# SUBMEDIA - Editorial

Setter: Jatin Khandual
Tester: Anshu Garg, Nishant Shah

SIMPLE

Greedy

# PROBLEM:

Given an array A of size N. Determine a subsequence of A of length K, with the largest possible median.

# EXPLANATION:

Observation: A subsequence of A of length K with median X exists if and only if there are at least \lfloor\frac K 2\rfloor elements in A greater than X (and \lfloor \frac{K-1}{2}\rfloor elements lesser than X.)
(Proof left to the reader as an exercise!)

Therefore, the largest possible median attainable will be the (\lfloor\frac K 2\rfloor-1)^{th} largest element of A. It can be trivially shown that, one subsequence with this median, would be the set of the K greatest elements of A.

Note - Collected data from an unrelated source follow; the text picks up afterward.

text \<open>Ind(G^pi) has dimension t - 1: its faces have at most t elements, and
  the t new vertices form a face.\<close>
lemma cx_d_Ind_gpi:
  assumes sg: "simple_graph V E" and cvp: "clique_vertex_partition V E Ws"
  shows "cx_d (Ind (gpi_V V Ws) (gpi_E E Ws)) = length Ws"
proof -
  let ?G = "Ind (gpi_V V Ws) (gpi_E E Ws)"
  have "finite (gpi_V V Ws)" using sg by (simp add: gpi_V_def simple_graph_def)
  moreover have "{} \<notin> gpi_E E Ws" using sg by (auto simp: gpi_E_def simple_graph_def)
  ultimately have sc: "simplicial_complex (gpi_V V Ws) ?G" by (rule simplicial_complex_Ind)
  have bound: "card X \<le> length Ws" if X: "X \<in> ?G" for X
  proof -
    have indep: "Inl -` X \<in> Ind V E" and free: "Inr -` X \<subseteq> free_cliques Ws (Inl -` X)"
      using X Ind_gpi_iff by blast+
    have "finite X" using sc X finite_subset by (auto simp: simplicial_complex_def)
    then have "card X = card (Inl -` X) + card (Inr -` X)" by (rule card_sum_split)
    also have "card (Inr -` X) \<le> card (free_cliques Ws (Inl -` X))"
      using free by (rule card_mono[rotated]) (simp add: free_cliques_def)
    also have "\<dots> = length Ws - card (Inl -` X)" using card_free_cliques(1)[OF cvp indep] .
    finally show ?thesis using card_free_cliques(2)[OF cvp indep] by simp
  qed
  have "{} \<in> Ind V E" using sg by (auto simp: Ind_def simple_graph_def)
  moreover have "{..<length Ws} \<subseteq> free_cliques Ws {}" by (auto simp: free_cliques_def)
  ultimately have "Inl ` {} \<union> Inr ` {..<length Ws} \<in> ?G" by (simp only: Ind_gpi_pair_iff)
  then have "length Ws \<le> cx_d ?G"
    using card_le_cx_d[OF sc, of "Inr ` {..<length Ws}"] by (simp add: card_image)
  moreover obtain \<sigma> where "\<sigma> \<in> ?G" "card \<sigma> = cx_d ?G" using cx_d_attained[OF sc] .
  ultimately show ?thesis using bound by force
qed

How do I find the $K$ greatest elements of $A$ while maintaining the relative order of the elements?

Create an array of pairs whose elements are \{A_i, i\}, for all valid i.

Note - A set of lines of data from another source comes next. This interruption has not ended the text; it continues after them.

(* A barrel B that is closed for the finest locally convex topology is also closed for the
  extended norm topology, which is completely metrizable by the distance min 1 \<parallel>x - y\<parallel>.
  Since B is absorbing, the closed sets (n + 1) B cover X, so by Baire's theorem one of them
  contains a ball; as B is absolutely convex, B then contains a ball around 0. Hence the
  Minkowski functional of B is a seminorm bounded on a ball, so the topology it generates is
  locally convex and coarser than the norm topology, thus coarser than the finest one, and its
  open unit ball is a neighbourhood of 0 inside B. *)

lemma istopology_neighbourhood_base:
  assumes "\<And>x i j. P i \<Longrightarrow> P j \<Longrightarrow> \<exists>k. P k \<and> nbhd x k \<subseteq> nbhd x i \<inter> nbhd x j"
  shows "istopology (\<lambda>S. \<forall>x\<in>S. \<exists>i. P i \<and> nbhd x i \<subseteq> S)"
  unfolding istopology_def
proof (intro conjI allI impI)
  fix S T assume S: "\<forall>x\<in>S. \<exists>i. P i \<and> nbhd x i \<subseteq> S" and T: "\<forall>x\<in>T. \<exists>i. P i \<and> nbhd x i \<subseteq> T"
  show "\<forall>x\<in>S \<inter> T. \<exists>k. P k \<and> nbhd x k \<subseteq> S \<inter> T"
  proof
    fix x assume x: "x \<in> S \<inter> T"
    obtain i where i: "P i" "nbhd x i \<subseteq> S" using S x by blast
    obtain j where j: "P j" "nbhd x j \<subseteq> T" using T x by blast
    obtain k where "P k" "nbhd x k \<subseteq> nbhd x i \<inter> nbhd x j" using assms[OF i(1) j(1)] by blast
    with i(2) j(2) show "\<exists>k. P k \<and> nbhd x k \<subseteq> S \<inter> T" by blast
  qed
next
  fix \<K> assume "\<forall>S\<in>\<K>. \<forall>x\<in>S. \<exists>i. P i \<and> nbhd x i \<subseteq> S"
  then show "\<forall>x\<in>\<Union>\<K>. \<exists>i. P i \<and> nbhd x i \<subseteq> \<Union>\<K>" by (meson Union_iff Union_upper order_trans)
qed

lemma openin_ext_norm_topology:
  "openin (ext_norm_topology N) U \<longleftrightarrow> (\<forall>x\<in>U. \<exists>e::real. e > 0 \<and> {y. N (y - x) < ennreal e} \<subseteq> U)"
proof -
  have "istopology (\<lambda>S. \<forall>x\<in>S. \<exists>e::real. e > 0 \<and> {y. N (y - x) < ennreal e} \<subseteq> S)"
  proof (rule istopology_neighbourhood_base)
    fix x and e1 e2 :: real assume "e1 > 0" "e2 > 0"
    then show "\<exists>e>0. {y. N (y - x) < ennreal e} \<subseteq> {y. N (y - x) < ennreal e1} \<inter> {y. N (y - x) < ennreal e2}"
      by (intro exI[of _ "min e1 e2"]) (auto simp flip: min_ennreal)
  qed
  then show ?thesis unfolding ext_norm_topology_def by (simp add: topology_inverse')
qed

lemma openin_seminorm_topology:
  "openin (seminorm_topology P) U \<longleftrightarrow>
     (\<forall>x\<in>U. \<exists>F e. finite F \<and> F \<subseteq> P \<and> e > 0 \<and> {y. \<forall>p\<in>F. p (y - x) < e} \<subseteq> U)"
proof -
  have "istopology (\<lambda>S. \<forall>x\<in>S. \<exists>i. (\<lambda>(F, e). finite F \<and> F \<subseteq> P \<and> e > 0) i \<and>
                           (\<lambda>(F, e). {y. \<forall>p\<in>F. p (y - x) < e}) i \<subseteq> S)"
  proof (rule istopology_neighbourhood_base, clarify)
    fix x F1 F2 and e1 e2 :: real
    assume "finite F1" "F1 \<subseteq> P" "e1 > 0" "finite F2" "F2 \<subseteq> P" "e2 > 0"
    then show "\<exists>k. (\<lambda>(F, e). finite F \<and> F \<subseteq> P \<and> e > 0) k \<and> (\<lambda>(F, e). {y. \<forall>p\<in>F. p (y - x) < e}) k
        \<subseteq> {y. \<forall>p\<in>F1. p (y - x) < e1} \<inter> {y. \<forall>p\<in>F2. p (y - x) < e2}"
      by (intro exI[of _ "(F1 \<union> F2, min e1 e2)"]) auto
  qed
  then show ?thesis unfolding seminorm_topology_def by (simp add: topology_inverse' split_paired_Ex conj_assoc)
qed

lemma topspace_ext_norm_topology [simp]: "topspace (ext_norm_topology N) = UNIV"
proof -
  have "openin (ext_norm_topology N) UNIV"
    unfolding openin_ext_norm_topology by (intro ballI exI[of _ "1::real"]) auto
  then show ?thesis using openin_subset by blast
qed

lemma topspace_seminorm_topology [simp]: "topspace (seminorm_topology P) = UNIV"
proof -
  have "openin (seminorm_topology P) UNIV"
    unfolding openin_seminorm_topology by (intro ballI exI[of _ "{}"] exI[of _ "1::real"]) auto
  then show ?thesis using openin_subset by blast
qed

lemma openin_seminorm_topology_unit_ball:
  assumes "seminorm_on sc p" "p \<in> P"
  shows "openin (seminorm_topology P) {x. p x < 1}"
  unfolding openin_seminorm_topology
proof (intro ballI exI conjI)
  fix x assume x: "x \<in> {x. p x < 1}"
  show "finite {p}" "{p} \<subseteq> P" using assms(2) by auto
  show "1 - p x > 0" using x by simp
  show "{y. \<forall>q\<in>{p}. q (y - x) < 1 - p x} \<subseteq> {x. p x < 1}"
  proof
    fix y assume "y \<in> {y. \<forall>q\<in>{p}. q (y - x) < 1 - p x}"
    moreover have "p y \<le> p (y - x) + p x"
      using assms(1) unfolding seminorm_on_def by (metis diff_add_cancel)
    ultimately show "y \<in> {x. p x < 1}" by simp
  qed
qed

lemma closedin_coarser:
  assumes "coarser T1 T2" "topspace T1 = topspace T2" "closedin T1 B"
  shows "closedin T2 B"
  using assms(3) assms(1)[unfolded coarser_def, rule_format, of "topspace T1 - B"]
  unfolding closedin_def assms(2) by simp

definition minkowski_functional :: "('k::real_normed_field \<Rightarrow> 'v \<Rightarrow> 'v) \<Rightarrow> 'v set \<Rightarrow> 'v \<Rightarrow> real" where
  "minkowski_functional sc B x = Inf {t. t > 0 \<and> x \<in> sc (of_real t) ` B}"

locale vector_space_over_normed_field =
  vector_space scale for scale :: "'k::real_normed_field \<Rightarrow> 'v::ab_group_add \<Rightarrow> 'v"
begin

lemma absolutely_convex_scale_mem:
  assumes "absolutely_convex scale B" "b \<in> B" "norm u \<le> 1"
  shows "scale u b \<in> B"
  using assms unfolding absolutely_convex_def by (metis add.right_neutral norm_zero scale_zero_left)

lemma absolutely_convex_scale_image:
  assumes "absolutely_convex scale B" "x \<in> scale (of_real t) ` B"
  shows "scale a x \<in> scale (of_real (norm a * t)) ` B"
proof -
  obtain b where b: "b \<in> B" "x = scale (of_real t) b" using assms(2) by blast
  define u where "u = a / of_real (norm a)"
  have "norm u \<le> 1" unfolding u_def by (simp add: norm_divide)
  then have "scale u b \<in> B" using absolutely_convex_scale_mem assms(1) b(1) by blast
  moreover have "of_real (norm a * t) * u = a * of_real t"
    unfolding u_def by (cases "a = 0") (simp_all add: field_simps)
  ultimately show ?thesis using b(2) by (metis image_eqI scale_scale)
qed

lemma absolutely_convex_add_mem_image:
  assumes "absolutely_convex scale B" "s > 0" "t > 0"
    and "x \<in> scale (of_real s) ` B" "y \<in> scale (of_real t) ` B"
  shows "x + y \<in> scale (of_real (s + t)) ` B"
proof -
  obtain b1 b2 where b: "b1 \<in> B" "x = scale (of_real s) b1" "b2 \<in> B" "y = scale (of_real t) b2"
    using assms(4,5) by blast
  define b where "b = scale (of_real (s / (s + t))) b1 + scale (of_real (t / (s + t))) b2"
  have "norm (of_real (s / (s + t)) :: 'k) + norm (of_real (t / (s + t)) :: 'k) \<le> 1"
    unfolding norm_of_real using assms(2,3) by (simp add: field_simps)
  then have "b \<in> B" using assms(1) b unfolding absolutely_convex_def b_def by blast
  moreover have "of_real s + of_real t \<noteq> (0::'k)"
    using assms(2,3) by (metis add_pos_pos of_real_add of_real_eq_0_iff order_less_irrefl)
  then have "scale (of_real (s + t)) b = x + y"
    using b(2,4) by (simp add: b_def scale_right_distrib flip: of_real_mult)
  ultimately show ?thesis by (metis image_eqI)
qed

lemma absolutely_convex_scale_preimage:
  assumes "absolutely_convex scale B"
  shows "absolutely_convex scale {x. scale c x \<in> B}"
  unfolding absolutely_convex_def
proof (intro ballI allI impI)
  fix x y and a b :: 'k assume "x \<in> {x. scale c x \<in> B}" "y \<in> {x. scale c x \<in> B}" "norm a + norm b \<le> 1"
  then have "scale a (scale c x) + scale b (scale c y) \<in> B"
    using assms unfolding absolutely_convex_def by blast
  moreover have "scale c (scale a x + scale b y) = scale a (scale c x) + scale b (scale c y)"
    by (simp add: scale_right_distrib mult.commute)
  ultimately show "scale a x + scale b y \<in> {x. scale c x \<in> B}" by simp
qed

lemma absorbing_covers:
  assumes "absorbing scale B"
  shows "(\<Union>n. {x. scale (inverse (of_nat (Suc n))) x \<in> B}) = UNIV"
proof -
  have "\<exists>n. scale (inverse (of_nat (Suc n))) x \<in> B" for x
  proof -
    obtain r where r: "\<forall>a. r \<le> norm a \<longrightarrow> x \<in> scale a ` B"
      using assms unfolding absorbing_def by blast
    obtain n where "r \<le> real (Suc n)" by (meson le_SucI of_nat_le_iff real_arch_simple order_trans)
    then obtain b where "b \<in> B" "x = scale (of_nat (Suc n)) b" using r by (metis norm_of_nat imageE)
    moreover have "(of_nat (Suc n) :: 'k) \<noteq> 0" by (simp only: of_nat_eq_0_iff)
    ultimately show ?thesis by (intro exI[of _ n]) simp
  qed
  then show ?thesis by auto
qed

Sort the array in ascending order, by the first term. Create a new array with the last K elements of the sorted array. Then, sort this new array by the second term (the indices of the elements) to restore the relative order of the elements.

# TIME COMPLEXITY:

Since we sort the array twice (once to find the K greatest elements, once to restore the relative order of the selected elements), the total time complexity is:

O(2*N\log N) \approx O(N\log N)

# SOLUTIONS:

Editorialist’s solution can be found here

Experimental: For evaluation purposes, please rate the editorial (1 being poor and 5 excellent)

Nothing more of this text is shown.